_REQUIRED WORK:_ From the records below, transcribe only the lines running from the one with "(\<exists>c. (\<forall>i\<in>I. c i \<ge> 0 \<and>" through the one with "theory Submission". Keep both of those end lines.

☆ ☆ ☆ ☆

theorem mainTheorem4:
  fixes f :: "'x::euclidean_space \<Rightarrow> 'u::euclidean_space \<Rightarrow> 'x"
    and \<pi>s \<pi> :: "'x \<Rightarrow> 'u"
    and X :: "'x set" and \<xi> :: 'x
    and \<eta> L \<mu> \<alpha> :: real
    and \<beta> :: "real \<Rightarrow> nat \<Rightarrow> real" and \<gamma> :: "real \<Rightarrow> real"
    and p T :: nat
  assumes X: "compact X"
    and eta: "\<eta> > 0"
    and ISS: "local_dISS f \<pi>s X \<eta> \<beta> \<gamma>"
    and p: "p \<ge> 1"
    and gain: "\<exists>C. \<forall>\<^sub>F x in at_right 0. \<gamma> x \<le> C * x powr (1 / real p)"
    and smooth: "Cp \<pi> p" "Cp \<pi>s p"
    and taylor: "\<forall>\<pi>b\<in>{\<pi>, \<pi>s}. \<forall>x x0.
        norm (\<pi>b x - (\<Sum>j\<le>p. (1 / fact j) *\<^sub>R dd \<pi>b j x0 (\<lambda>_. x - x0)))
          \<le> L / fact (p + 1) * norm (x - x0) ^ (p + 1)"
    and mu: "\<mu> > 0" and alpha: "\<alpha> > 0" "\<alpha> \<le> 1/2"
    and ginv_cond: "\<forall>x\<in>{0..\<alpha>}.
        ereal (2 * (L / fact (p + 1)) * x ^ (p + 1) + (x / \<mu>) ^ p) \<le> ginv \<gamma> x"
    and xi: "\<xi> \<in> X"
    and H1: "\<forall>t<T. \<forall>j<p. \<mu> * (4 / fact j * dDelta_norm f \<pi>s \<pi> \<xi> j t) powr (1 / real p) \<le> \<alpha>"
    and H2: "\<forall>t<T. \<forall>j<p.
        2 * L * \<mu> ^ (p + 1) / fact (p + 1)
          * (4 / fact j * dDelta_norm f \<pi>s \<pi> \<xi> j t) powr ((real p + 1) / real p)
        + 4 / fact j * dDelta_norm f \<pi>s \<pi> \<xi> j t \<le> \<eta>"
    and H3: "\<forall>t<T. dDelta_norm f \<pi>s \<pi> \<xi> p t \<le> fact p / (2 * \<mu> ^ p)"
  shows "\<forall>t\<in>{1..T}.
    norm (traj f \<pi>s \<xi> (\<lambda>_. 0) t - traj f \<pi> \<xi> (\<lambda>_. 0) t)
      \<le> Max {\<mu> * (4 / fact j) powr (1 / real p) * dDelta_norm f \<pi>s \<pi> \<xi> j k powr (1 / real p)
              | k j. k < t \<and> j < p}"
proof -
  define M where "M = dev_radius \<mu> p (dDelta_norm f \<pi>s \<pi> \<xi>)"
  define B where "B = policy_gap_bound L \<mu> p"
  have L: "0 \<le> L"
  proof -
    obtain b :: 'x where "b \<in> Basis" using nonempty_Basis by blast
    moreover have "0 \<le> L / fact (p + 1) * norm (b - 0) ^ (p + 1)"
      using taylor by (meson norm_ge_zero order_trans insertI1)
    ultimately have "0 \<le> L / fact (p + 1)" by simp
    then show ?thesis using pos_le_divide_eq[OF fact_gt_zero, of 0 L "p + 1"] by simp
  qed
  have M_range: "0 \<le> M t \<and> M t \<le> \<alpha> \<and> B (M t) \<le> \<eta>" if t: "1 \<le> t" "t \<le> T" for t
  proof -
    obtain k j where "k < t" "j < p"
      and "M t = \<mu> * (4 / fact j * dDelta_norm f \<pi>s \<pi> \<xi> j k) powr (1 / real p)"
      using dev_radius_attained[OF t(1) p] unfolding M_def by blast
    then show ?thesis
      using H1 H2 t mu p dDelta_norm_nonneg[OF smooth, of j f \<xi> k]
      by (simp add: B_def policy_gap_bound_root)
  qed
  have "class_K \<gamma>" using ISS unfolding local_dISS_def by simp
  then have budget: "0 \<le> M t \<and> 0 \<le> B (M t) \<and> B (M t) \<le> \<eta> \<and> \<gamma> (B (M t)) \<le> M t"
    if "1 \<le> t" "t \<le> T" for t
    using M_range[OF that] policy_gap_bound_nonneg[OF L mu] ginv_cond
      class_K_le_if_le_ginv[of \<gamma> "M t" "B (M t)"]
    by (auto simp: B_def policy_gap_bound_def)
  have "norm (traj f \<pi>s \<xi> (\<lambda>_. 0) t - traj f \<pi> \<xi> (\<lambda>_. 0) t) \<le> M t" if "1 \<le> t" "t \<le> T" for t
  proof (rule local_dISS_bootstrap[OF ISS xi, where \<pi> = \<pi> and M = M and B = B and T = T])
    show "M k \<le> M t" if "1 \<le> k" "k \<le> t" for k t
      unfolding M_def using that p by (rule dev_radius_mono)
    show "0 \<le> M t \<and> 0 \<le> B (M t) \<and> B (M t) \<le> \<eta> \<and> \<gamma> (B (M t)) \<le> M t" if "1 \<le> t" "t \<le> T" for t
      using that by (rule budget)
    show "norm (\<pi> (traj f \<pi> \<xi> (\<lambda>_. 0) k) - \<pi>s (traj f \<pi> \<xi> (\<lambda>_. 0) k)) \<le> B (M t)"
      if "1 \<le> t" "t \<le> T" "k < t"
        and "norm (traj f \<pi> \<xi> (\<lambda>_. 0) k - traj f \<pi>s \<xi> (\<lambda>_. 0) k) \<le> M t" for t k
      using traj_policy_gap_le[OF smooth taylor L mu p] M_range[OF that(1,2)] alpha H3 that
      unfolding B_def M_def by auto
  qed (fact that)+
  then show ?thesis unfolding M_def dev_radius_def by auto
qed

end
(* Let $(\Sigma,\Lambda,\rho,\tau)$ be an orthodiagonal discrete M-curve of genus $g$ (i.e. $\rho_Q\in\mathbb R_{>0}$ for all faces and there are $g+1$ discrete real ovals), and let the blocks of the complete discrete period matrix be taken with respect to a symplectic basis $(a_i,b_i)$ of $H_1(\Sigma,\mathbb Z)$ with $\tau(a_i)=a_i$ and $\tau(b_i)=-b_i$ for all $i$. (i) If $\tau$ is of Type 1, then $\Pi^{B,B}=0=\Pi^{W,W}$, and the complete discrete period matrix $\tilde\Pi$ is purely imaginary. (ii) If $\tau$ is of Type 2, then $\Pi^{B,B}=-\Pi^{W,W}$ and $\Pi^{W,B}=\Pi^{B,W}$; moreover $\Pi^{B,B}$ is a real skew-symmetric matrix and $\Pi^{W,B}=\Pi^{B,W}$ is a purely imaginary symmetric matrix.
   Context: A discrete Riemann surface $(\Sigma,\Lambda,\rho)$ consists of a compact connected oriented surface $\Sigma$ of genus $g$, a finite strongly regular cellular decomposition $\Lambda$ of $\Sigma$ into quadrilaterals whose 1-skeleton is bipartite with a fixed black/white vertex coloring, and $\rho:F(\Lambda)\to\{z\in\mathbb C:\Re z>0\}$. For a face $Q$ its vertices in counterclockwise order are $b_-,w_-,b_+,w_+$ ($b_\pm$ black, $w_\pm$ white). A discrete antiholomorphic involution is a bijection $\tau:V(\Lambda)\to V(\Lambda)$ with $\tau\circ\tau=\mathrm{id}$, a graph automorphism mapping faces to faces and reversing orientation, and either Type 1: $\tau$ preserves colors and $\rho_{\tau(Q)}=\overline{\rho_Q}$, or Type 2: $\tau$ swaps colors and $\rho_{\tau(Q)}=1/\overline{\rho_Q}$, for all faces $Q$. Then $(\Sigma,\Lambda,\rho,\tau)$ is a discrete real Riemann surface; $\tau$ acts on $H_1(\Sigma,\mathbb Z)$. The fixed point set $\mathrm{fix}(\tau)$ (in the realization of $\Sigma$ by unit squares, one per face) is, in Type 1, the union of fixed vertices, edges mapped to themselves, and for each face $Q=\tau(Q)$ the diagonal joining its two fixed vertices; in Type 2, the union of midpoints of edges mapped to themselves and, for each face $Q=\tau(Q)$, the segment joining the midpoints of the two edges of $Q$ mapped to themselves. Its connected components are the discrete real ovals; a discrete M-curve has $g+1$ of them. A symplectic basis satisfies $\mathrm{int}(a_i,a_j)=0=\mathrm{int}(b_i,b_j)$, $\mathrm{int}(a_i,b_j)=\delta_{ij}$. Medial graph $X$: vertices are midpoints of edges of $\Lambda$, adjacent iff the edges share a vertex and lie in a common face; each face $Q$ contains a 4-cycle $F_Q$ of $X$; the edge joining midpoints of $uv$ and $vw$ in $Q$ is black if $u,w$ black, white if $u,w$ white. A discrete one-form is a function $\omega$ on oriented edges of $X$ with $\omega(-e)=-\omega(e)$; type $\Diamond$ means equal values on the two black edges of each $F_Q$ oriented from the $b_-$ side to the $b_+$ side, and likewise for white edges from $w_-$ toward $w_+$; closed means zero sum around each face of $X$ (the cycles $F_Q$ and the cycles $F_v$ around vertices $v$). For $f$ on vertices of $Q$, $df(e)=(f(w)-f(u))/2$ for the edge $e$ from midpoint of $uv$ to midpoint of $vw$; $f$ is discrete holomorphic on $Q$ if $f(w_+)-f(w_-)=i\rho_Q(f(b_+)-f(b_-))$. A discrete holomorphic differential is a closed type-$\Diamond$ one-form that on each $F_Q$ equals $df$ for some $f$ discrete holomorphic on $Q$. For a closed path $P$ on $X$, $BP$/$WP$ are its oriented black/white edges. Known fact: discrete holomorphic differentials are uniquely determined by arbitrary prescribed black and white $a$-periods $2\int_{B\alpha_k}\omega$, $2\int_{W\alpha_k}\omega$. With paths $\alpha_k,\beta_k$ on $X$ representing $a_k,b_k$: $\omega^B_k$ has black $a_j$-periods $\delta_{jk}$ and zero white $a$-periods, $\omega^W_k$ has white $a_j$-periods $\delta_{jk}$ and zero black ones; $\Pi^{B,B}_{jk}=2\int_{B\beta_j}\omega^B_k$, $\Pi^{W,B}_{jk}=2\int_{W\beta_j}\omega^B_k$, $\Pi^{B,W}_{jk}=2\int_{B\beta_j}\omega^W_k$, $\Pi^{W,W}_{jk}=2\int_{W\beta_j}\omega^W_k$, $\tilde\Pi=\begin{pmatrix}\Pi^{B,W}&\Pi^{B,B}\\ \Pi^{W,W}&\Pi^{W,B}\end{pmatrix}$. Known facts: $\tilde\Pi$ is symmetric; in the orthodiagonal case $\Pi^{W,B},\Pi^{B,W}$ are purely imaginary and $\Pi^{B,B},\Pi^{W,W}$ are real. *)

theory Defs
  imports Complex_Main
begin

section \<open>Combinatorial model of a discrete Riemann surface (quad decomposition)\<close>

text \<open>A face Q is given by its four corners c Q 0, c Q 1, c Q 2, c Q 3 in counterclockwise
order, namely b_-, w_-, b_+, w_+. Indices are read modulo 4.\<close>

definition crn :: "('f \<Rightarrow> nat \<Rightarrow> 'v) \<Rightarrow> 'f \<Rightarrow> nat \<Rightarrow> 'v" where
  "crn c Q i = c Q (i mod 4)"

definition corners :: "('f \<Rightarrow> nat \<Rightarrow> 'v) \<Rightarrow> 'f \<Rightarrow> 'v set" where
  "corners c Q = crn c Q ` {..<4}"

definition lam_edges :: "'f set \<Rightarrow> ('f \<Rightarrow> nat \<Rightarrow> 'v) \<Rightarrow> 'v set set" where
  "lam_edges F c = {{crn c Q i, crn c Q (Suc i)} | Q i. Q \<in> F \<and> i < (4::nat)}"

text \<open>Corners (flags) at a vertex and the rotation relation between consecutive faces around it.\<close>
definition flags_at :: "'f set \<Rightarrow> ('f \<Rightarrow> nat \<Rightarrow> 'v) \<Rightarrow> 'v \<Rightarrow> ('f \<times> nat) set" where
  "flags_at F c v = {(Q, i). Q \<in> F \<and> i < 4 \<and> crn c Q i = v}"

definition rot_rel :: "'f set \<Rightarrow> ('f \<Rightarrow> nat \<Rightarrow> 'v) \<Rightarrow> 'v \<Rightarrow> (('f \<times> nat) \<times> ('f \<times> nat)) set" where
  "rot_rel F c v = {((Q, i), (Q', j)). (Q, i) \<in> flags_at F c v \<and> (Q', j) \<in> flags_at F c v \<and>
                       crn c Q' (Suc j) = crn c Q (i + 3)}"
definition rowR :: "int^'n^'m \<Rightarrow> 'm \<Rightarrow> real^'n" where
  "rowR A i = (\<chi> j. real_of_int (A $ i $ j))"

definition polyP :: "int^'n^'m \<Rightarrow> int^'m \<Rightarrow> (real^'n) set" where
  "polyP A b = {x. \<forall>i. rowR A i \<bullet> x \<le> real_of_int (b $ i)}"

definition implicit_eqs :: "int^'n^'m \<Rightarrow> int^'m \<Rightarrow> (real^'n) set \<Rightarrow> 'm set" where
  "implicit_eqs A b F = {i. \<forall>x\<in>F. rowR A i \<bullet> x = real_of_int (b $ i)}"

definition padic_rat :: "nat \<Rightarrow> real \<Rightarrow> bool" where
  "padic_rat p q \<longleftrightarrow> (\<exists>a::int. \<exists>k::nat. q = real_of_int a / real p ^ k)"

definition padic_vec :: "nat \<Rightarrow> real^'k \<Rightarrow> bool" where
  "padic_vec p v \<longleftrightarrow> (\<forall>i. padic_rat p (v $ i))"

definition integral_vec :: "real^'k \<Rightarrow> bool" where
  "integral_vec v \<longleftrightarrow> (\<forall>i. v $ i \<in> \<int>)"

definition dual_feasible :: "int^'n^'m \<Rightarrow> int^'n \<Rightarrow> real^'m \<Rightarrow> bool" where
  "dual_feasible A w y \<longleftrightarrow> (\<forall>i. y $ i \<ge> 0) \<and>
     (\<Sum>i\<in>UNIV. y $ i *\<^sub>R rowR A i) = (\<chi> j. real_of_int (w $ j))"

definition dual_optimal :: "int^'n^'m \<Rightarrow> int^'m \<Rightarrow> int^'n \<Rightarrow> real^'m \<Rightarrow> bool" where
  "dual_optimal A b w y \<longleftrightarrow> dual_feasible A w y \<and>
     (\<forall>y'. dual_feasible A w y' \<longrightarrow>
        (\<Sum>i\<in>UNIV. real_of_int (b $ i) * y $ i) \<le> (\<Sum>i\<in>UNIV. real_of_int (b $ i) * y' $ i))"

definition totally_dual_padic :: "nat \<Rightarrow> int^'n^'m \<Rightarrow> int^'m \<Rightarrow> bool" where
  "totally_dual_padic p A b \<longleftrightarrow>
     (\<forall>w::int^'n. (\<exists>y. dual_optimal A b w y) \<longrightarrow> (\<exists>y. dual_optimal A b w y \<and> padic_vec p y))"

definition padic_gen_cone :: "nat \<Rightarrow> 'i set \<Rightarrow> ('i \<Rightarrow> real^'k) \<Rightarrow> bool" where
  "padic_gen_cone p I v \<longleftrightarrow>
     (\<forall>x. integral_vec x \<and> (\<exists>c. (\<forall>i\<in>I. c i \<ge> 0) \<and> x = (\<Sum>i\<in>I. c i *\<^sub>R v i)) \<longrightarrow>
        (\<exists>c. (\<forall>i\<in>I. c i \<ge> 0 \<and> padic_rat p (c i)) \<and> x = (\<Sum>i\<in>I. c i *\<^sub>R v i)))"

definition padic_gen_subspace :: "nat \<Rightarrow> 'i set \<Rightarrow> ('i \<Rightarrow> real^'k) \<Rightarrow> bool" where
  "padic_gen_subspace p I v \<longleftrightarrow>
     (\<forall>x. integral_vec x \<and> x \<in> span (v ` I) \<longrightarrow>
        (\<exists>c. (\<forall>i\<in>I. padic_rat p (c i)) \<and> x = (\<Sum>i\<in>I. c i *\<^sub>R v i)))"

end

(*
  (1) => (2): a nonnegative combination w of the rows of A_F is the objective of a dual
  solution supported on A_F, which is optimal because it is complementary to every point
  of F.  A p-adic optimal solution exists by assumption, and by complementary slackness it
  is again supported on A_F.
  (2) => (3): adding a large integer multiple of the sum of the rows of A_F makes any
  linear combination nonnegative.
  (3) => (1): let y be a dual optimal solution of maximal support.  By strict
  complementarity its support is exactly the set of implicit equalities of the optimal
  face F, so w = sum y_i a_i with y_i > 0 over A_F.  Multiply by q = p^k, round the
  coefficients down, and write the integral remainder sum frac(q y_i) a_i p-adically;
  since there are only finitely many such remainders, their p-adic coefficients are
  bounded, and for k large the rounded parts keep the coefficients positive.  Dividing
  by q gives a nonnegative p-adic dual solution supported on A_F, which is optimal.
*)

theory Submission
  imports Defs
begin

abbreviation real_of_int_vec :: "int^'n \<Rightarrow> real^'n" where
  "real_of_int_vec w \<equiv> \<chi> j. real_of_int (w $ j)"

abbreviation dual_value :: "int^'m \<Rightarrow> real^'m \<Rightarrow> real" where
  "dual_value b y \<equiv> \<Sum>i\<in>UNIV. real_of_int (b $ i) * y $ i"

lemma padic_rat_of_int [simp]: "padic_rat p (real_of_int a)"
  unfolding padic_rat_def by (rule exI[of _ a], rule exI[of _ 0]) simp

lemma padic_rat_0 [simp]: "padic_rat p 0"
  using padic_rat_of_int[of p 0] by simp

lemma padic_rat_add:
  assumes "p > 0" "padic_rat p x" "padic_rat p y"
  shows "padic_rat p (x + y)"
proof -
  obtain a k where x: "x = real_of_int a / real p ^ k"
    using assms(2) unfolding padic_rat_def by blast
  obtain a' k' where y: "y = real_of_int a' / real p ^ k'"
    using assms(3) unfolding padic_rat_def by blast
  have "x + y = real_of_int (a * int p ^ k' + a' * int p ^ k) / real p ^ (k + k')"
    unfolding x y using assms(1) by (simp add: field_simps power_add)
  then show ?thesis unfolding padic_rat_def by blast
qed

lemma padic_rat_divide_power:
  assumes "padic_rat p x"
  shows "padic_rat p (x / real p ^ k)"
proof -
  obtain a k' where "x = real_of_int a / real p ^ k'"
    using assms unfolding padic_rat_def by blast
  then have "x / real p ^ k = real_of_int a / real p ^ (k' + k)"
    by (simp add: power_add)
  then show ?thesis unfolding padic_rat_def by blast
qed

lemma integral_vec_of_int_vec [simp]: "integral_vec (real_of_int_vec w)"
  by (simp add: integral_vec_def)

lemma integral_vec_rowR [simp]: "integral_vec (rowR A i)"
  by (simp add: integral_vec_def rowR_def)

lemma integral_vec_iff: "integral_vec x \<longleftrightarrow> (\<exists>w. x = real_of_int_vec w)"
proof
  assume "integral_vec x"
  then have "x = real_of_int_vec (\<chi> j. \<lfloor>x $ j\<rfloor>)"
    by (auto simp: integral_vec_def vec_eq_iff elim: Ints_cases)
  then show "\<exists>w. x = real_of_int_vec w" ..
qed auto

☆ ☆ ☆ ☆

_ANSWER TO THIS PROBLEM:_
        (\<exists>c. (\<forall>i\<in>I. c i \<ge> 0 \<and> padic_rat p (c i)) \<and> x = (\<Sum>i\<in>I. c i *\<^sub>R v i)))"

definition padic_gen_subspace :: "nat \<Rightarrow> 'i set \<Rightarrow> ('i \<Rightarrow> real^'k) \<Rightarrow> bool" where
  "padic_gen_subspace p I v \<longleftrightarrow>
     (\<forall>x. integral_vec x \<and> x \<in> span (v ` I) \<longrightarrow>
        (\<exists>c. (\<forall>i\<in>I. padic_rat p (c i)) \<and> x = (\<Sum>i\<in>I. c i *\<^sub>R v i)))"

end

(*
  (1) => (2): a nonnegative combination w of the rows of A_F is the objective of a dual
  solution supported on A_F, which is optimal because it is complementary to every point
  of F.  A p-adic optimal solution exists by assumption, and by complementary slackness it
  is again supported on A_F.
  (2) => (3): adding a large integer multiple of the sum of the rows of A_F makes any
  linear combination nonnegative.
  (3) => (1): let y be a dual optimal solution of maximal support.  By strict
  complementarity its support is exactly the set of implicit equalities of the optimal
  face F, so w = sum y_i a_i with y_i > 0 over A_F.  Multiply by q = p^k, round the
  coefficients down, and write the integral remainder sum frac(q y_i) a_i p-adically;
  since there are only finitely many such remainders, their p-adic coefficients are
  bounded, and for k large the rounded parts keep the coefficients positive.  Dividing
  by q gives a nonnegative p-adic dual solution supported on A_F, which is optimal.
*)

theory Submission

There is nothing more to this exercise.